**AIM OF THE TASK**. Your answer should be the lines below from the one holding "x = matrix_inv" through the one holding "direction is beta", copied exactly and with nothing else.
((
definition strictly_convex_on :: "(real^'k) set \<Rightarrow> (real^'k \<Rightarrow> real) \<Rightarrow> bool" where
  "strictly_convex_on S F \<longleftrightarrow>
     (\<forall>x\<in>S. \<forall>y\<in>S. \<forall>t. x \<noteq> y \<and> 0 < t \<and> t < 1 \<longrightarrow>
        F ((1 - t) *\<^sub>R x + t *\<^sub>R y) < (1 - t) * F x + t * F y)"

definition pos_def :: "real^'k^'k \<Rightarrow> bool" where
  "pos_def M \<longleftrightarrow> (\<forall>v. v \<noteq> 0 \<longrightarrow> v \<bullet> (M *v v) > 0)"

text \<open>Coordinate-based dual Riemannian Newton method, for a chart with metric
  matrix G, coordinate gradient gradf, Christoffel symbols Gam of nabla
  (Gam x i j k = Gamma^k_{ij}) and GamD of nabla^* (GamD x i j k = Gamma^*_{ij}^k).\<close>

definition newton_a :: "(real^'k \<Rightarrow> real^'k^'k) \<Rightarrow> (real^'k \<Rightarrow> real^'k) \<Rightarrow> real^'k \<Rightarrow> real^'k" where
  "newton_a G gradf x = matrix_inv (G x) *v gradf x"

definition dual_newton_H ::
  "(real^'k \<Rightarrow> real^'k^'k) \<Rightarrow> (real^'k \<Rightarrow> real^'k) \<Rightarrow> (real^'k \<Rightarrow> 'k \<Rightarrow> 'k \<Rightarrow> 'k \<Rightarrow> real)
    \<Rightarrow> real^'k \<Rightarrow> real^'k^'k" where
  "dual_newton_H G gradf GamD x =
     (\<chi> i j. pderiv (\<lambda>y. newton_a G gradf y $ j) i x
            + (\<Sum>k\<in>UNIV. newton_a G gradf x $ k * GamD x i k j))"

definition dual_newton_eq ::
  "(real^'k \<Rightarrow> real^'k^'k) \<Rightarrow> (real^'k \<Rightarrow> real^'k) \<Rightarrow> (real^'k \<Rightarrow> 'k \<Rightarrow> 'k \<Rightarrow> 'k \<Rightarrow> real)
    \<Rightarrow> real^'k \<Rightarrow> real^'k \<Rightarrow> bool" where
  "dual_newton_eq G gradf GamD x \<beta> \<longleftrightarrow>
     transpose (dual_newton_H G gradf GamD x) *v \<beta> = - (matrix_inv (G x) *v gradf x)"

definition dual_newton_update ::
  "(real^'k \<Rightarrow> 'k \<Rightarrow> 'k \<Rightarrow> 'k \<Rightarrow> real) \<Rightarrow> real^'k \<Rightarrow> real^'k \<Rightarrow> real^'k" where
  "dual_newton_update Gam x \<beta> =
     (\<chi> i. x $ i + \<beta> $ i - 1/2 * (\<Sum>j\<in>UNIV. \<Sum>k\<in>UNIV. Gam x j k i * \<beta> $ j * \<beta> $ k))"

definition nat_grad_update ::
  "(real^'k \<Rightarrow> real^'k^'k) \<Rightarrow> (real^'k \<Rightarrow> real^'k) \<Rightarrow> real \<Rightarrow> real^'k \<Rightarrow> real^'k" where
  "nat_grad_update G gradf s x = x - s *\<^sub>R (matrix_inv (G x) *v gradf x)"

end

theory Submission
  imports Defs
begin

(* In the nabla-affine coordinates u the objective is f(u) = psi(A u + b) plus an affine function
   of u, so its coordinate Hessian is A^T (Hess psi) A, which is the induced metric G (Hess psi is
   symmetric by Schwarz's theorem).  On the other hand, differentiating d_j f = G_jk a_k with
   a = G^-1 grad f and using the duality of nabla and nabla* shows that G H*^T is the Hessian of f
   corrected by Christoffel terms of nabla, which vanish.  Hence G H*^T = G, so H* = I, the Newton
   direction is beta = -G^-1 grad f, and the quadratic correction of the update vanishes: the dual
   Newton step is the natural gradient step with step size s = 1. *)

lemma sum_axis_mult: "(\<Sum>p\<in>UNIV. axis i 1 $ p * c p) = (c i :: real)"
proof -
  have "axis i 1 $ p * c p = (if p = i then c p else 0)" for p
    by (simp add: axis_def)
  then show ?thesis by simp
qed

lemma pderiv_eq:
  assumes "(F has_derivative F') (at x)"
  shows "pderiv F i x = F' (axis i 1)"
  unfolding pderiv_def using frechet_derivative_at[OF assms] by simp

lemma has_derivative_pderiv:
  fixes F :: "real^'k \<Rightarrow> real"
  assumes "F differentiable at x"
  shows "(F has_derivative (\<lambda>h. \<Sum>p\<in>UNIV. h$p * pderiv F p x)) (at x)"
proof -
  let ?D = "frechet_derivative F (at x)"
  have D: "(F has_derivative ?D) (at x)"
    using assms frechet_derivative_works by blast
  have "?D = (\<lambda>h. \<Sum>p\<in>UNIV. h$p * pderiv F p x)"
  proof
    fix h
    have "?D h = ?D (\<Sum>p\<in>UNIV. h$p *\<^sub>R axis p 1)"
      using basis_expansion[of h] by (simp add: scalar_mult_eq_scaleR)
    also have "\<dots> = (\<Sum>p\<in>UNIV. h$p * pderiv F p x)"
      using has_derivative_linear[OF D] by (simp add: linear_sum linear_scale pderiv_def)
    finally show "?D h = (\<Sum>p\<in>UNIV. h$p * pderiv F p x)" .
  qed
  with D show ?thesis by simp
qed

lemma
  assumes "open S" "x \<in> S" "\<And>y. y \<in> S \<Longrightarrow> F y = F' y"
  shows pderiv_cong_open: "pderiv F i x = pderiv F' i x"
    and differentiable_cong_open: "F differentiable at x \<longleftrightarrow> F' differentiable at x"
proof -
  have "(F has_derivative D) (at x) \<longleftrightarrow> (F' has_derivative D) (at x)" for D
    using has_derivative_transform_within_open[OF _ assms(1,2)] assms(3) by metis
  then show "pderiv F i x = pderiv F' i x" "F differentiable at x \<longleftrightarrow> F' differentiable at x"
    unfolding pderiv_def frechet_derivative_def differentiable_def by simp_all
qed

lemma pderiv_sum_mult:
  fixes X Y :: "'a \<Rightarrow> real^'k \<Rightarrow> real"
  assumes "finite K" "\<And>k. X k differentiable at x" "\<And>k. Y k differentiable at x"
  shows "pderiv (\<lambda>v. \<Sum>k\<in>K. X k v * Y k v) i x
       = (\<Sum>k\<in>K. pderiv (X k) i x * Y k x + X k x * pderiv (Y k) i x)"
proof -
  have D: "((\<lambda>v. \<Sum>k\<in>K. X k v * Y k v) has_derivative
     (\<lambda>h. \<Sum>k\<in>K. X k x * (\<Sum>p\<in>UNIV. h$p * pderiv (Y k) p x)
                 + (\<Sum>p\<in>UNIV. h$p * pderiv (X k) p x) * Y k x)) (at x)"
    by (intro has_derivative_sum has_derivative_mult has_derivative_pderiv assms)
  show ?thesis
    using pderiv_eq[OF D] unfolding sum_axis_mult by (simp add: algebra_simps)
qed

lemma has_derivative_compose_affine:
  fixes F :: "real^'k \<Rightarrow> real" and A :: "real^'m^'k"
  assumes "(F has_derivative F') (at (A *v v + b))"
  shows "((\<lambda>v. F (A *v v + b)) has_derivative (\<lambda>h. F' (A *v h))) (at v)"
proof -
  have "((*v) A has_derivative (*v) A) (at v)"
    by (rule bounded_linear_imp_has_derivative) simp
  then have "((\<lambda>v. A *v v + b) has_derivative (*v) A) (at v)"
    by (intro derivative_eq_intros) auto
  from diff_chain_at[OF this assms] show ?thesis by (simp add: o_def)
qed

lemma differentiable_compose_affine:
  fixes F :: "real^'k \<Rightarrow> real" and A :: "real^'m^'k"
  assumes "F differentiable at (A *v v + b)"
  shows "(\<lambda>v. F (A *v v + b)) differentiable at v"
  using assms has_derivative_compose_affine unfolding differentiable_def by blast

lemma pderiv_compose_affine:
  fixes F :: "real^'k \<Rightarrow> real" and A :: "real^'m^'k"
  assumes "F differentiable at (A *v v + b)"
  shows "pderiv (\<lambda>v. F (A *v v + b)) j v = (\<Sum>p\<in>UNIV. A$p$j * pderiv F p (A *v v + b))"
  using pderiv_eq[OF has_derivative_compose_affine[OF has_derivative_pderiv[OF assms]]]
  by (simp add: matrix_vector_mult_basis column_def)

section \<open>Symmetry of second partial derivatives\<close>

lemma
  assumes "smooth_on S F" "y \<in> S"
  shows smooth_on_differentiable: "F differentiable at y"
    and smooth_on_differentiable_pderiv: "pderiv F p differentiable at y"
    and smooth_on_differentiable_pderiv2: "pderiv (pderiv F p) q differentiable at y"
  using assms unfolding smooth_on_def
  by (metis ipd.simps(1), metis ipd.simps, metis ipd.simps)

lemma has_real_derivative_pderiv_along_axis:
  fixes F :: "real^'k \<Rightarrow> real"
  assumes "F differentiable at (y + t *\<^sub>R axis p 1)"
  shows "((\<lambda>s. F (y + s *\<^sub>R axis p 1)) has_real_derivative pderiv F p (y + t *\<^sub>R axis p 1)) (at t)"
proof -
  have "((\<lambda>s. y + s *\<^sub>R axis p 1) has_derivative (\<lambda>s. s *\<^sub>R axis p 1)) (at t)"
    by (intro derivative_eq_intros) auto
  note chain = diff_chain_at[OF this has_derivative_pderiv[OF assms]]
  have "(\<lambda>s. \<Sum>i\<in>UNIV. (s *\<^sub>R axis p 1) $ i * pderiv F i (y + t *\<^sub>R axis p 1))
      = (*) (pderiv F p (y + t *\<^sub>R axis p 1))"
  proof
    fix s
    show "(\<Sum>i\<in>UNIV. (s *\<^sub>R axis p 1) $ i * pderiv F i (y + t *\<^sub>R axis p 1))
        = pderiv F p (y + t *\<^sub>R axis p 1) * s"
      using sum_axis_mult[of p "\<lambda>i. s * pderiv F i (y + t *\<^sub>R axis p 1)"] by (simp add: mult_ac)
  qed
  with chain show ?thesis
    by (simp add: o_def has_field_derivative_def)
qed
))
**RESPONSE TO THE TASK**.
  "newton_a G gradf x = matrix_inv (G x) *v gradf x"

definition dual_newton_H ::
  "(real^'k \<Rightarrow> real^'k^'k) \<Rightarrow> (real^'k \<Rightarrow> real^'k) \<Rightarrow> (real^'k \<Rightarrow> 'k \<Rightarrow> 'k \<Rightarrow> 'k \<Rightarrow> real)
    \<Rightarrow> real^'k \<Rightarrow> real^'k^'k" where
  "dual_newton_H G gradf GamD x =
     (\<chi> i j. pderiv (\<lambda>y. newton_a G gradf y $ j) i x
            + (\<Sum>k\<in>UNIV. newton_a G gradf x $ k * GamD x i k j))"

definition dual_newton_eq ::
  "(real^'k \<Rightarrow> real^'k^'k) \<Rightarrow> (real^'k \<Rightarrow> real^'k) \<Rightarrow> (real^'k \<Rightarrow> 'k \<Rightarrow> 'k \<Rightarrow> 'k \<Rightarrow> real)
    \<Rightarrow> real^'k \<Rightarrow> real^'k \<Rightarrow> bool" where
  "dual_newton_eq G gradf GamD x \<beta> \<longleftrightarrow>
     transpose (dual_newton_H G gradf GamD x) *v \<beta> = - (matrix_inv (G x) *v gradf x)"

definition dual_newton_update ::
  "(real^'k \<Rightarrow> 'k \<Rightarrow> 'k \<Rightarrow> 'k \<Rightarrow> real) \<Rightarrow> real^'k \<Rightarrow> real^'k \<Rightarrow> real^'k" where
  "dual_newton_update Gam x \<beta> =
     (\<chi> i. x $ i + \<beta> $ i - 1/2 * (\<Sum>j\<in>UNIV. \<Sum>k\<in>UNIV. Gam x j k i * \<beta> $ j * \<beta> $ k))"

definition nat_grad_update ::
  "(real^'k \<Rightarrow> real^'k^'k) \<Rightarrow> (real^'k \<Rightarrow> real^'k) \<Rightarrow> real \<Rightarrow> real^'k \<Rightarrow> real^'k" where
  "nat_grad_update G gradf s x = x - s *\<^sub>R (matrix_inv (G x) *v gradf x)"

end

theory Submission
  imports Defs
begin

(* In the nabla-affine coordinates u the objective is f(u) = psi(A u + b) plus an affine function
   of u, so its coordinate Hessian is A^T (Hess psi) A, which is the induced metric G (Hess psi is
   symmetric by Schwarz's theorem).  On the other hand, differentiating d_j f = G_jk a_k with
   a = G^-1 grad f and using the duality of nabla and nabla* shows that G H*^T is the Hessian of f
   corrected by Christoffel terms of nabla, which vanish.  Hence G H*^T = G, so H* = I, the Newton
   direction is beta = -G^-1 grad f, and the quadratic correction of the update vanishes: the dual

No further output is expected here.